- What to work on:
In the data below, find the line that contains "using c1 \<omega> t" and the line that contains "real \<times> real". Copy both, plus every line between them, exactly.

- Records shown:
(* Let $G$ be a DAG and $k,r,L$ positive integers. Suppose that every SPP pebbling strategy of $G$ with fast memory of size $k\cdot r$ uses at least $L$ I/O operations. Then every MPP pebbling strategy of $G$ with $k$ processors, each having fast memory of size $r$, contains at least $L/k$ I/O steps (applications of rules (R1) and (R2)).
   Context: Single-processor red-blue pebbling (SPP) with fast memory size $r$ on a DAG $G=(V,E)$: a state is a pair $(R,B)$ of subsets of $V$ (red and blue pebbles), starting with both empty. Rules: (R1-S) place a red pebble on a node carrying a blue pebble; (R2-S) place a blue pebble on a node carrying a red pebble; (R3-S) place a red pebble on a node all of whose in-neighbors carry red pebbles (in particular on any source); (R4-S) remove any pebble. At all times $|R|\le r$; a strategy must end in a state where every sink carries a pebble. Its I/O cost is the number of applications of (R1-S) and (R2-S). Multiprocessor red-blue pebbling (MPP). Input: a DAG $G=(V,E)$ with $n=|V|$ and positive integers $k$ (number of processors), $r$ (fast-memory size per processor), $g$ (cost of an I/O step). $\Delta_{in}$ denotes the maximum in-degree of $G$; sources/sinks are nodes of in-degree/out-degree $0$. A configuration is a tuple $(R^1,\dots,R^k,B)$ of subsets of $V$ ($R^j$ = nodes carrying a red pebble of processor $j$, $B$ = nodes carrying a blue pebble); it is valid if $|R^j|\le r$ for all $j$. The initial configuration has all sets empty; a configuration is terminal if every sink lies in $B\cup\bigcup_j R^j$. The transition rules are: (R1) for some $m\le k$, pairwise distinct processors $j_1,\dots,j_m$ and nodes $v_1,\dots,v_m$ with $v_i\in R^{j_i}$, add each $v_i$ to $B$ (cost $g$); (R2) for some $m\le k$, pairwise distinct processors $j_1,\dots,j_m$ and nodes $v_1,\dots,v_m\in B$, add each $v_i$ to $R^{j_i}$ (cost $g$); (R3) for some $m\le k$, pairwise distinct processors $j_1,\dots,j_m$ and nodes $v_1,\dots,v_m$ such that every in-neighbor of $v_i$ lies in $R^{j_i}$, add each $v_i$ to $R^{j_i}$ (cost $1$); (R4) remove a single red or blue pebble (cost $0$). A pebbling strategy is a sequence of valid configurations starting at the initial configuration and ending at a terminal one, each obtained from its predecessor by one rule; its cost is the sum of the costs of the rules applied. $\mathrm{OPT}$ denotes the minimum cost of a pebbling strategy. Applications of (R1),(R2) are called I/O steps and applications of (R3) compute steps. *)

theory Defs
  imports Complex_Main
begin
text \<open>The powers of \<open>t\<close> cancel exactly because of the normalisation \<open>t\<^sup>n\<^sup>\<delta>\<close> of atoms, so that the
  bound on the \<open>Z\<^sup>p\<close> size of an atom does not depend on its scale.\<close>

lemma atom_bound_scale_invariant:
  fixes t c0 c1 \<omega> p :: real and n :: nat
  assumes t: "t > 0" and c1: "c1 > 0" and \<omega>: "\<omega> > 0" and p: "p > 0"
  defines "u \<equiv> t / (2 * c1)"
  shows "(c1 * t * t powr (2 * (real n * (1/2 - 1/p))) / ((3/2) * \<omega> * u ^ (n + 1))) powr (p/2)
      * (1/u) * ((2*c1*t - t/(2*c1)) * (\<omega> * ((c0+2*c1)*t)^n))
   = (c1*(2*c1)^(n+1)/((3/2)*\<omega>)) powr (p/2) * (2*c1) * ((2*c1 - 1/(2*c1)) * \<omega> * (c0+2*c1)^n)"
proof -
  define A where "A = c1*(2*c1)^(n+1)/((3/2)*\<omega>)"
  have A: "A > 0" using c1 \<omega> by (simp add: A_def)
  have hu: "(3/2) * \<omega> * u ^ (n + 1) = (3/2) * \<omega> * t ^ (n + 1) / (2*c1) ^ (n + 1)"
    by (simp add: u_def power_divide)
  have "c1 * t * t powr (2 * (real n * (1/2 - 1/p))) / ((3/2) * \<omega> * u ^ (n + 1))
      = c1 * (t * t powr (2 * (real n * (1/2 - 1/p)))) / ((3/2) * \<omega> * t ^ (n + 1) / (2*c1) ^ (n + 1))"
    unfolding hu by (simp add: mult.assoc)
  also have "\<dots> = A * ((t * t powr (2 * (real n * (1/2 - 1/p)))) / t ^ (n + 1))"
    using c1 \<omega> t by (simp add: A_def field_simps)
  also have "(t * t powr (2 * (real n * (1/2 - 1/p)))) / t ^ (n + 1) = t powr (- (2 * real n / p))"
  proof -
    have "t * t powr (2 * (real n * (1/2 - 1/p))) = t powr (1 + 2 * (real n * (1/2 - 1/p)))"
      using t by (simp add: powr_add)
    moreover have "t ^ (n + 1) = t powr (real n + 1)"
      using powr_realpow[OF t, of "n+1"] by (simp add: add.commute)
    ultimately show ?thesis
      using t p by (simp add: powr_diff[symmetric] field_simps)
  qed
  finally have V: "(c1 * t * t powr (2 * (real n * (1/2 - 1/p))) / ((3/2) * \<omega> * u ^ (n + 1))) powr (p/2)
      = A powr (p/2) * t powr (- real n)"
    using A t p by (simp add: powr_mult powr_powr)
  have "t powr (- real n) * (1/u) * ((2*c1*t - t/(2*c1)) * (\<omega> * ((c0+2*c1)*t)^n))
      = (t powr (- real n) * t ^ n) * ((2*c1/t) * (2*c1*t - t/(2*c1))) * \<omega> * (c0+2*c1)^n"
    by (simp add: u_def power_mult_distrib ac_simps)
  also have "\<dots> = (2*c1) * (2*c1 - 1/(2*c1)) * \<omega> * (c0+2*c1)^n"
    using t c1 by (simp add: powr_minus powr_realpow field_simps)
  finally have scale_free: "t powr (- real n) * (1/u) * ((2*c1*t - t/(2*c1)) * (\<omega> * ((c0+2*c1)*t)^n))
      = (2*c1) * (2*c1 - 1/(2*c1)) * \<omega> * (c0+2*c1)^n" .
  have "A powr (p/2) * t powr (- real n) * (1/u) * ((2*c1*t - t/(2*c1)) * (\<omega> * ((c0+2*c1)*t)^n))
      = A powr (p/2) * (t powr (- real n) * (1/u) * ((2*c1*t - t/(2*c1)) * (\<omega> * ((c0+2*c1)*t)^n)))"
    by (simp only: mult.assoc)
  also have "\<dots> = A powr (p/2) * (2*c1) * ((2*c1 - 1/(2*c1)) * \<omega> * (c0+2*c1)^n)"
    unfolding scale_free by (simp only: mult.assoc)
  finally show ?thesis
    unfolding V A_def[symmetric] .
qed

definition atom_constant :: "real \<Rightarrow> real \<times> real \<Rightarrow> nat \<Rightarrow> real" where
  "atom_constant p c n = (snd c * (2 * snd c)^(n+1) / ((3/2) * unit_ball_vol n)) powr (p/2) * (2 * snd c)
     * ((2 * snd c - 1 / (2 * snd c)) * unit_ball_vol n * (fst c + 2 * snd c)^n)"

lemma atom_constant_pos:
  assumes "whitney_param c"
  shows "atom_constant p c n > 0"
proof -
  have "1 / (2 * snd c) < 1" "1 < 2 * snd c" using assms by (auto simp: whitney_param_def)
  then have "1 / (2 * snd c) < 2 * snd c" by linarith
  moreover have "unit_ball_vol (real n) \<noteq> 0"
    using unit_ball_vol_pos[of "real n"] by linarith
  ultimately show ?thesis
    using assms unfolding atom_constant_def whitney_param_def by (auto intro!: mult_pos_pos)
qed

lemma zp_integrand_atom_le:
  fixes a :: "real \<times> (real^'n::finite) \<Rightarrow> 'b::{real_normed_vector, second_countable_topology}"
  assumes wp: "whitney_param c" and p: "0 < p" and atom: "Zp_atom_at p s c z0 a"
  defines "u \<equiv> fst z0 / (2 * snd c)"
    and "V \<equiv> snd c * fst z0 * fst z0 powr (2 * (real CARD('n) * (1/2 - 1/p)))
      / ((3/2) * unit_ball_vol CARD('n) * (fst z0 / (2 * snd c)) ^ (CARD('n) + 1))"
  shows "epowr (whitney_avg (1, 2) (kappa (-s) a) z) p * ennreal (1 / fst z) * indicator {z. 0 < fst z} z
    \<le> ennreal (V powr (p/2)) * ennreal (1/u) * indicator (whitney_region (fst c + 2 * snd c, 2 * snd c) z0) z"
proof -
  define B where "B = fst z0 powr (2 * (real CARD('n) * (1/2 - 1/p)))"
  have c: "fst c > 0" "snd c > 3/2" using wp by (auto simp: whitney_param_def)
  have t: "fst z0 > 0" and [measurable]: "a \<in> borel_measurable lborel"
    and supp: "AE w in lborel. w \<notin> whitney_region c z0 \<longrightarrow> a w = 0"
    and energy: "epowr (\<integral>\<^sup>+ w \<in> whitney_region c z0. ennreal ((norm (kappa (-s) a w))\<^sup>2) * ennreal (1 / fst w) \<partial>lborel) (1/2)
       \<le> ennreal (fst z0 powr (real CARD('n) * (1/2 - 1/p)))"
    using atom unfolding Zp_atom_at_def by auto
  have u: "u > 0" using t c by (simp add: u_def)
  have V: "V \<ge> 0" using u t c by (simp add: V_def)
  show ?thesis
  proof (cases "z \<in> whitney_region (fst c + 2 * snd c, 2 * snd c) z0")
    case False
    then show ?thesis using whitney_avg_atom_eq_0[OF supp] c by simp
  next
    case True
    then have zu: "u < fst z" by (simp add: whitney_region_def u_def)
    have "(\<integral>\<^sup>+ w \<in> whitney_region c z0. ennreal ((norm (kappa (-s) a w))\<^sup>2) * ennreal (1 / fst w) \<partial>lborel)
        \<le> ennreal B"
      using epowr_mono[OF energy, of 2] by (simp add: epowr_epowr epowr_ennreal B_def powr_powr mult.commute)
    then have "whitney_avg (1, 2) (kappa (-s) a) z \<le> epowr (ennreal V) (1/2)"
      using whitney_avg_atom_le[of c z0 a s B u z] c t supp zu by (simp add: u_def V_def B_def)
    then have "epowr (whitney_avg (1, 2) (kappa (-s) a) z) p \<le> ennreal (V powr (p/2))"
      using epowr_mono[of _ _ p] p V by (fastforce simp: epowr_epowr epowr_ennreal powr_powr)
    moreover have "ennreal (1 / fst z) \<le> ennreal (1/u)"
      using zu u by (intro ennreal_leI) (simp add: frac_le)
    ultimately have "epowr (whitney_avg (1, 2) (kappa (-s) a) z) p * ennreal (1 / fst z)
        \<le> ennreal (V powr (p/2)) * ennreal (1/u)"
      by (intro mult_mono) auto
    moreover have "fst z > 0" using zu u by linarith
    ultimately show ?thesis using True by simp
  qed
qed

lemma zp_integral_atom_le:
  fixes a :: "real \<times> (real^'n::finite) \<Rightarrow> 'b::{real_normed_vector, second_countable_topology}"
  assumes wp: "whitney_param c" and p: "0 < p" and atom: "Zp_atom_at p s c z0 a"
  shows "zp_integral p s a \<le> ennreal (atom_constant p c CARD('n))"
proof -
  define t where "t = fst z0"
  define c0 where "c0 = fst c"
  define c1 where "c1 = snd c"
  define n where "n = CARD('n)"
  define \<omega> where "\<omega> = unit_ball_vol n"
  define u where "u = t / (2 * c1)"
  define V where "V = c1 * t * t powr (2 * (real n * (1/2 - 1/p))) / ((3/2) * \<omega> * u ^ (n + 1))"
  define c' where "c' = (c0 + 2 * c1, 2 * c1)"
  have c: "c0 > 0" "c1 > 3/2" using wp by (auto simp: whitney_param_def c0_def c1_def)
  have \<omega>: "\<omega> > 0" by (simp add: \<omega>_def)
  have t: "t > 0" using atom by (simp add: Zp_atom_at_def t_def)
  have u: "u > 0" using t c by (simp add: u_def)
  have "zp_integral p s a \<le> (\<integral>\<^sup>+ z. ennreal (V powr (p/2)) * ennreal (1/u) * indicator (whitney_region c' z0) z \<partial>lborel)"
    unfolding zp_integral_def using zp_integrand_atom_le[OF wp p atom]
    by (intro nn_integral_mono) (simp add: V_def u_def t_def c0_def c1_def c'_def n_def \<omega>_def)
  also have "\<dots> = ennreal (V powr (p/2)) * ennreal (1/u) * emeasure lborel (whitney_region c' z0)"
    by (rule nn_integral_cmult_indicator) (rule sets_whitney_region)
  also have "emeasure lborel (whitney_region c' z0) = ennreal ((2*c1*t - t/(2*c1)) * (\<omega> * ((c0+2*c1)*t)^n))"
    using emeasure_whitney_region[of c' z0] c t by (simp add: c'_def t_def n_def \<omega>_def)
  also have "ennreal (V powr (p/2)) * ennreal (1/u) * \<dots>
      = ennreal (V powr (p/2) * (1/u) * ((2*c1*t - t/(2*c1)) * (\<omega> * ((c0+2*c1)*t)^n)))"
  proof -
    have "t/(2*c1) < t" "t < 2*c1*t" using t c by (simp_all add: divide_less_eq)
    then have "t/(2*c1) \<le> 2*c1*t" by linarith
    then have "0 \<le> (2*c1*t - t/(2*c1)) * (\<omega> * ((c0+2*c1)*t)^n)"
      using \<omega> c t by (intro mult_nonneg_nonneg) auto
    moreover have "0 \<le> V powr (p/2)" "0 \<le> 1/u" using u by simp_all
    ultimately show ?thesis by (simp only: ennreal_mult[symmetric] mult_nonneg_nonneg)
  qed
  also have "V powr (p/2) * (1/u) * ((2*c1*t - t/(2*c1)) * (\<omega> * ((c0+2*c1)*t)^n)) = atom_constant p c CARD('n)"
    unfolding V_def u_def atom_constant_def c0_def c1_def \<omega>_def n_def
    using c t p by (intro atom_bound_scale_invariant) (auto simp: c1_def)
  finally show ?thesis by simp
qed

- Task answer:
    using c1 \<omega> t by (simp add: A_def field_simps)
  also have "(t * t powr (2 * (real n * (1/2 - 1/p)))) / t ^ (n + 1) = t powr (- (2 * real n / p))"
  proof -
    have "t * t powr (2 * (real n * (1/2 - 1/p))) = t powr (1 + 2 * (real n * (1/2 - 1/p)))"
      using t by (simp add: powr_add)
    moreover have "t ^ (n + 1) = t powr (real n + 1)"
      using powr_realpow[OF t, of "n+1"] by (simp add: add.commute)
    ultimately show ?thesis
      using t p by (simp add: powr_diff[symmetric] field_simps)
  qed
  finally have V: "(c1 * t * t powr (2 * (real n * (1/2 - 1/p))) / ((3/2) * \<omega> * u ^ (n + 1))) powr (p/2)
      = A powr (p/2) * t powr (- real n)"
    using A t p by (simp add: powr_mult powr_powr)
  have "t powr (- real n) * (1/u) * ((2*c1*t - t/(2*c1)) * (\<omega> * ((c0+2*c1)*t)^n))
      = (t powr (- real n) * t ^ n) * ((2*c1/t) * (2*c1*t - t/(2*c1))) * \<omega> * (c0+2*c1)^n"
    by (simp add: u_def power_mult_distrib ac_simps)
  also have "\<dots> = (2*c1) * (2*c1 - 1/(2*c1)) * \<omega> * (c0+2*c1)^n"
    using t c1 by (simp add: powr_minus powr_realpow field_simps)
  finally have scale_free: "t powr (- real n) * (1/u) * ((2*c1*t - t/(2*c1)) * (\<omega> * ((c0+2*c1)*t)^n))
      = (2*c1) * (2*c1 - 1/(2*c1)) * \<omega> * (c0+2*c1)^n" .
  have "A powr (p/2) * t powr (- real n) * (1/u) * ((2*c1*t - t/(2*c1)) * (\<omega> * ((c0+2*c1)*t)^n))
      = A powr (p/2) * (t powr (- real n) * (1/u) * ((2*c1*t - t/(2*c1)) * (\<omega> * ((c0+2*c1)*t)^n)))"
    by (simp only: mult.assoc)
  also have "\<dots> = A powr (p/2) * (2*c1) * ((2*c1 - 1/(2*c1)) * \<omega> * (c0+2*c1)^n)"
    unfolding scale_free by (simp only: mult.assoc)
  finally show ?thesis
    unfolding V A_def[symmetric] .
qed

definition atom_constant :: "real \<Rightarrow> real \<times> real \<Rightarrow> nat \<Rightarrow> real" where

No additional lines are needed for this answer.